When a workup comes back inconclusive, many patients are told their neuropathy is “idiopathic” — medical language for cause unknown. But in a large share of these cases, the cause isn’t truly unknown; it simply hasn’t been looked for thoroughly enough. Idiopathic is too often a clinical surrender rather than a diagnosis. This article lays out the systematic investigation Dr. Padda uses to hunt down the real driver of nerve damage, organized into three domains — metabolic, toxic, and mechanical — because a nerve can die from many directions, and finding which one is the difference between managing symptoms forever and actually changing course.
“Idiopathic” is often incomplete, not unsolvable
Studies of unexplained peripheral neuropathy consistently show that when patients undergo a structured, expanded evaluation, an identifiable cause emerges in a substantial proportion of cases previously labeled idiopathic. The American Academy of Neurology’s evaluation guidance for distal symmetric polyneuropathy emphasizes a tiered laboratory workup precisely because targeted testing changes management. The point is not that every case has an easy answer — some remain genuinely unexplained — but that the label should be earned only after a real search.
The three-domain framework below is a way to organize that search so nothing obvious gets skipped.
Domain one: metabolic drivers
Metabolic problems are the most common and most treatable causes of nerve damage. They share a final common pathway — energy failure and chemical injury inside the nerve.
1. Blood sugar and glycation. Diabetes is the leading cause of neuropathy worldwide, but the damage begins earlier than most people realize. Research from the University of Utah (Drs. Smith and Singleton) helped establish that even prediabetes — impaired glucose tolerance that never reaches the diabetes threshold — is associated with small-fiber neuropathy. Chronically elevated glucose bonds to nerve proteins to form advanced glycation end-products through the Maillard reaction, first described by Louis-Camille Maillard in 1912. A standard fasting glucose can miss this entirely; markers like HbA1c and a glucose tolerance test reveal far more. (Explored in depth in the glycation and blood-sugar articles.)
2. Intracellular nutritional deficiency.

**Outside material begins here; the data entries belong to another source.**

(* Let $s\ge 2$ and let $Z_1,\dots,Z_s$ be the processes of the autoregressive multi-fidelity model described in the context, with nested designs $D_s\subseteq D_{s-1}\subseteq\dots\subseteq D_1$ and known parameters $\beta=(\beta_1,\dots,\beta_s)$, $\beta_\rho=(\beta_{\rho_1},\dots,\beta_{\rho_{s-1}})$, $\sigma^2=(\sigma_1^2,\dots,\sigma_s^2)$. For $t=1,\dots,s$ and $x\in Q$, the conditional distribution of $Z_t(x)$ given $(\mathcal Z_1,\dots,\mathcal Z_t)=(z^1,\dots,z^t)$ is Gaussian, $$\big[Z_t(x)\,\big|\,\mathcal Z_1=z^1,\dots,\mathcal Z_t=z^t\big]\sim\mathcal N\big(\mu_{Z_t}(x),\,s^2_{Z_t}(x)\big),$$ where $\mu_{Z_t}$ and $s^2_{Z_t}$ are given recursively by $$\mu_{Z_1}(x)=f_1^T(x)\beta_1+r_1^T(x)R_1^{-1}(z^1-F_1\beta_1),\qquad s^2_{Z_1}(x)=\sigma_1^2\big(1-r_1^T(x)R_1^{-1}r_1(x)\big),$$ and, for $t=2,\dots,s$, $$\mu_{Z_t}(x)=\rho_{t-1}(x)\,\mu_{Z_{t-1}}(x)+f_t^T(x)\beta_t+r_t^T(x)R_t^{-1}\big(z^t-\rho_{t-1}(D_t)\odot z_{t-1}(D_t)-F_t\beta_t\big),$$ $$s^2_{Z_t}(x)=\rho_{t-1}^2(x)\,s^2_{Z_{t-1}}(x)+\sigma_t^2\big(1-r_t^T(x)R_t^{-1}r_t(x)\big).$$ In particular the co-kriging predictive mean and variance of the highest-fidelity level $Z_s$ given all observations are $\mu_{Z_s}(x)$ and $s^2_{Z_s}(x)$.
   Context: Let $Q$ be an input set. For $t=1,\dots,s$ let $f_t:Q\to\mathbb R^{p_t}$ be regression functions, $\beta_t\in\mathbb R^{p_t}$, $\sigma_t^2>0$, and $r_t:Q\times Q\to\mathbb R$ a correlation kernel (positive definite, $r_t(x,x)=1$). For $t=1,\dots,s-1$ let $g_t:Q\to\mathbb R^{q_t}$, $\beta_{\rho_t}\in\mathbb R^{q_t}$ and $\rho_t(x)=g_t^T(x)\beta_{\rho_t}$. The model: $Z_1$ is a Gaussian process with mean $f_1^T(x)\beta_1$ and covariance $\sigma_1^2 r_1(x,x')$; for $t=2,\dots,s$, $\delta_t$ is a Gaussian process with mean $f_t^T(x)\beta_t$ and covariance $\sigma_t^2 r_t(x,x')$; the processes $Z_1,\delta_2,\dots,\delta_s$ are mutually independent; and $Z_t(x)=\rho_{t-1}(x)Z_{t-1}(x)+\delta_t(x)$ for $t=2,\dots,s$. The designs $D_t\subset Q$ are finite sets with $D_s\subseteq\dots\subseteq D_1$. $\mathcal Z_t$ denotes the vector $(Z_t(x))_{x\in D_t}$ and $z^t$ its observed value. $R_t$ is the matrix $(r_t(x,x'))_{x,x'\in D_t}$ (assumed invertible), $r_t(x)$ is the vector $(r_t(x,x'))_{x'\in D_t}$, $F_t$ is the matrix whose rows are $f_t^T(x)$, $x\in D_t$. $\rho_{t-1}(D_t)$ is the vector $(\rho_{t-1}(x))_{x\in D_t}$, $z_{t-1}(D_t)$ is the vector of observed values of $Z_{t-1}$ at the points of $D_t$ (a subvector of $z^{t-1}$, since $D_t\subseteq D_{t-1}$), and $\odot$ denotes the entrywise product. *)

theory Defs
  imports "HOL-Probability.Probability"
begin

definition gauss :: "real \<Rightarrow> real \<Rightarrow> real measure" where
  "gauss mu v = (if v = 0 then return borel mu else density lborel (normal_density mu (sqrt v)))"

definition gaussian_process ::
  "'a measure \<Rightarrow> ('a \<Rightarrow> 'q \<Rightarrow> real) \<Rightarrow> ('q \<Rightarrow> real) \<Rightarrow> ('q \<Rightarrow> 'q \<Rightarrow> real) \<Rightarrow> bool" where
  "gaussian_process M X m k \<longleftrightarrow>
     (\<forall>x. (\<lambda>\<omega>. X \<omega> x) \<in> borel_measurable M) \<and>
     (\<forall>D c. finite D \<longrightarrow>
        distr M borel (\<lambda>\<omega>. \<Sum>x\<in>D. c x * X \<omega> x)
          = gauss (\<Sum>x\<in>D. c x * m x) (\<Sum>x\<in>D. \<Sum>y\<in>D. c x * c y * k x y))"

definition correlation_kernel :: "('q \<Rightarrow> 'q \<Rightarrow> real) \<Rightarrow> bool" where
  "correlation_kernel r \<longleftrightarrow> (\<forall>x y. r x y = r y x) \<and> (\<forall>x. r x x = 1) \<and>
     (\<forall>D c. finite D \<longrightarrow> 0 \<le> (\<Sum>x\<in>D. \<Sum>y\<in>D. c x * c y * r x y))"

definition invertible_on :: "'q set \<Rightarrow> ('q \<Rightarrow> 'q \<Rightarrow> real) \<Rightarrow> bool" where
  "invertible_on D R \<longleftrightarrow>
     (\<forall>a. (\<forall>x\<in>D. (\<Sum>y\<in>D. R x y * a y) = 0) \<longrightarrow> (\<forall>y\<in>D. a y = 0))"

definition mat_solve :: "'q set \<Rightarrow> ('q \<Rightarrow> 'q \<Rightarrow> real) \<Rightarrow> ('q \<Rightarrow> real) \<Rightarrow> ('q \<Rightarrow> real)" where
  "mat_solve D R v = (THE a. (\<forall>y. y \<notin> D \<longrightarrow> a y = 0) \<and> (\<forall>x\<in>D. (\<Sum>y\<in>D. R x y * a y) = v x))"

definition krig :: "'q set \<Rightarrow> ('q \<Rightarrow> 'q \<Rightarrow> real) \<Rightarrow> ('q \<Rightarrow> real) \<Rightarrow> ('q \<Rightarrow> real) \<Rightarrow> real" where
  "krig D R u v = (\<Sum>y\<in>D. u y * mat_solve D R v y)"

text \<open>Arguments: mean functions m t x = f_t(x)^T beta_t,
  rho t x = g_t(x)^T beta_rho_t, correlation kernels r t, designs D t, level t, point x,
  observed data z (z (u, y) is the observed value of Z_u at y in D_u).\<close>
fun cok_mean :: "(nat \<Rightarrow> 'q \<Rightarrow> real) \<Rightarrow> (nat \<Rightarrow> 'q \<Rightarrow> real) \<Rightarrow> (nat \<Rightarrow> 'q \<Rightarrow> 'q \<Rightarrow> real)
    \<Rightarrow> (nat \<Rightarrow> 'q set) \<Rightarrow> nat \<Rightarrow> 'q \<Rightarrow> (nat \<times> 'q \<Rightarrow> real) \<Rightarrow> real" where
  "cok_mean m rho r D 0 x z = 0"
| "cok_mean m rho r D (Suc 0) x z =
     m 1 x + krig (D 1) (r 1) (r 1 x) (\<lambda>y. z (1, y) - m 1 y)"
| "cok_mean m rho r D (Suc (Suc t)) x z =
     rho (Suc t) x * cok_mean m rho r D (Suc t) x z + m (Suc (Suc t)) x
     + krig (D (Suc (Suc t))) (r (Suc (Suc t))) (r (Suc (Suc t)) x)
         (\<lambda>y. z (Suc (Suc t), y) - rho (Suc t) y * z (Suc t, y) - m (Suc (Suc t)) y)"

fun cok_var :: "(nat \<Rightarrow> real) \<Rightarrow> (nat \<Rightarrow> 'q \<Rightarrow> real) \<Rightarrow> (nat \<Rightarrow> 'q \<Rightarrow> 'q \<Rightarrow> real)
    \<Rightarrow> (nat \<Rightarrow> 'q set) \<Rightarrow> nat \<Rightarrow> 'q \<Rightarrow> real" where
  "cok_var sigma2 rho r D 0 x = 0"
| "cok_var sigma2 rho r D (Suc 0) x =
     sigma2 1 * (1 - krig (D 1) (r 1) (r 1 x) (r 1 x))"
| "cok_var sigma2 rho r D (Suc (Suc t)) x =
     (rho (Suc t) x)\<^sup>2 * cok_var sigma2 rho r D (Suc t) x
     + sigma2 (Suc (Suc t)) * (1 - krig (D (Suc (Suc t))) (r (Suc (Suc t))) (r (Suc (Suc t)) x) (r (Suc (Suc t)) x))"

text \<open>The observation vector (Z_1 on D_1, ..., Z_t on D_t), encoded as a function on nat x Q
  (entries outside the observed index set are set to 0).\<close>
definition obs_data :: "(nat \<Rightarrow> 'a \<Rightarrow> 'q \<Rightarrow> real) \<Rightarrow> (nat \<Rightarrow> 'q set) \<Rightarrow> nat \<Rightarrow> 'a \<Rightarrow> (nat \<times> 'q \<Rightarrow> real)" where
  "obs_data Z D t \<omega> = (\<lambda>(u, y). if u \<in> {1..t} \<and> y \<in> D u then Z u \<omega> y else 0)"

text \<open>K is (a version of) the conditional distribution of X given Y = y (Y valued in N):
  P(X \<in> A, Y \<in> B) = \<integral>_B K y (A) dP_Y(y) for all Borel A and measurable B.\<close>
definition has_cond_distr ::
  "'a measure \<Rightarrow> ('a \<Rightarrow> real) \<Rightarrow> 'b measure \<Rightarrow> ('a \<Rightarrow> 'b) \<Rightarrow> ('b \<Rightarrow> real measure) \<Rightarrow> bool" where
  "has_cond_distr M X N Y K \<longleftrightarrow>
     (\<forall>A\<in>sets borel. \<forall>B\<in>sets N.
        emeasure M {\<omega>\<in>space M. X \<omega> \<in> A \<and> Y \<omega> \<in> B}
          = (\<integral>\<^sup>+ y. indicator B y * emeasure (K y) A \<partial>(distr M N Y)))"

end

theory Submission
  imports Defs "Jordan_Normal_Form.Determinant"
begin

(*
  Put P_1 = Z_1 and P_u = delta_u (u >= 2): these innovation processes are independent Gaussian
  processes, and unrolling the recursion gives Z_t(x) = sum_{u<=t} pi_{u,t}(x) P_u(x) with
  pi_{u,t} = rho_u ... rho_{t-1}.  Let w_u(x) = R_u^{-1} r_u(x) be the simple-kriging weights of
  level u and eta_u(x) = P_u(x) - m_u(x) - w_u(x)^T (P_u(D_u) - m_u(D_u)) the kriging residual of the
  innovation.  Thanks to the nestedness of the designs, the observed values of delta_t on D_t are
  computable from z^t and z^{t-1}, and an induction on t yields the error representation
      Z_t(x) - mu_{Z_t}(x) = sum_{u<=t} pi_{u,t}(x) eta_u(x).
  Every eta_u(x) is uncorrelated with P_u on D_u.  All quantities being linear statistics of the
  jointly Gaussian innovations, the error is a centred Gaussian with variance s^2_{Z_t}(x) that is
  independent of the observations, and Z_t(x) = error + mu_{Z_t}(x) has the claimed conditional law.
*)

section \<open>Gaussian laws on the real line\<close>

lemma space_gauss[simp]: "space (gauss mu v) = UNIV"
  by (simp add: gauss_def)

lemma sets_gauss[simp, measurable_cong]: "sets (gauss mu v) = sets borel"
  by (simp add: gauss_def)

lemma real_distribution_gauss: "0 \<le> v \<Longrightarrow> real_distribution (gauss mu v)"
  unfolding gauss_def real_distribution_def real_distribution_axioms_def
  by (auto simp: prob_space_return prob_space_normal_density)

text \<open>Characteristic function of a non-degenerate normal law, by an affine change of variables
  from the standard normal law.\<close>
lemma char_normal_density:
  assumes "0 < \<sigma>"
  shows "char (density lborel (normal_density mu \<sigma>)) t = iexp (t * mu) * exp (- ((t*\<sigma>)^2) / 2)"
proof -
  interpret S: real_distribution std_normal_distribution by (rule real_dist_normal_dist)
  have d: "distributed std_normal_distribution lborel (\<lambda>x. x) std_normal_density"
    unfolding distributed_def by (simp add: distr_id2)
  have "distributed std_normal_distribution lborel (\<lambda>x. mu + \<sigma> * x)
          (normal_density (mu + \<sigma> * 0) (\<bar>\<sigma>\<bar> * 1))"
    by (rule S.normal_density_affine[OF d]) (use assms in auto)
  then have affine: "density lborel (normal_density mu \<sigma>)
      = distr std_normal_distribution lborel (\<lambda>x. mu + \<sigma> * x)"
    using assms unfolding distributed_def by simp
  have "char (density lborel (normal_density mu \<sigma>)) t
      = (CLINT x|std_normal_distribution. iexp (t * (mu + \<sigma> * x)))"
    unfolding affine char_def by (subst integral_distr) auto
  also have "\<dots> = (CLINT x|std_normal_distribution. iexp (t * mu) * iexp ((t*\<sigma>) * x))"
    by (intro Bochner_Integration.integral_cong refl) (simp add: algebra_simps flip: exp_add)
  also have "\<dots> = iexp (t * mu) * char std_normal_distribution (t*\<sigma>)"
    unfolding char_def by simp
  finally show ?thesis by (simp add: char_std_normal_distribution)
qed

lemma char_gauss:
  assumes "0 \<le> v"
  shows "char (gauss mu v) t = exp (\<i> * complex_of_real (t * mu) - complex_of_real (t^2 * v / 2))"
proof (cases "v = 0")
  case True
  then show ?thesis by (simp add: gauss_def char_def integral_return)
next
  case False
  then have "0 < sqrt v" using assms by simp
  then have "char (gauss mu v) t
      = exp (\<i> * complex_of_real (t * mu)) * exp (- complex_of_real (t^2 * v / 2))"
    using False assms
    by (simp add: gauss_def char_normal_density power_mult_distrib exp_of_real[symmetric])
  then show ?thesis by (simp add: exp_add[symmetric] algebra_simps)
qed

lemma gauss_eqI:
  assumes "real_distribution P" "0 \<le> v"
    and "\<And>t. char P t = exp (\<i> * complex_of_real (t * mu) - complex_of_real (t^2 * v / 2))"
  shows "P = gauss mu v"
  using assms by (intro Levy_uniqueness) (auto simp: real_distribution_gauss char_gauss)

lemma char_as_integral:
  assumes "f \<in> borel_measurable M"
  shows "(CLINT x|M. iexp (f x)) = char (distr M borel f) 1"
  unfolding char_def using assms by (subst integral_distr) auto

Nerves are cofactor-hungry. Deficiencies of B1 (thiamine), B6, B12, folate, magnesium, and omega-3 fatty acids each impair nerve function and mitochondrial energy production. Crucially, blood levels can look “normal” while the tissue is starved — which is why functional testing matters (see driver 3).
3. Functional B12 deficiency. A serum B12 in the normal range does not rule out a cellular deficiency. Functional markers — methylmalonic acid (MMA) and homocysteine — rise when B12 is functionally inadequate at the tissue level, catching deficiencies a standard B12 test misses. Untreated, B12 deficiency causes a characteristic neuropathy (and can damage the spinal cord), yet it is eminently correctable. (Covered fully in the B12 article.)
Domain two: toxic drivers
If metabolic drivers are about deprivation, toxic drivers are about poisoning — substances that damage nerves directly or by depleting the body’s defenses.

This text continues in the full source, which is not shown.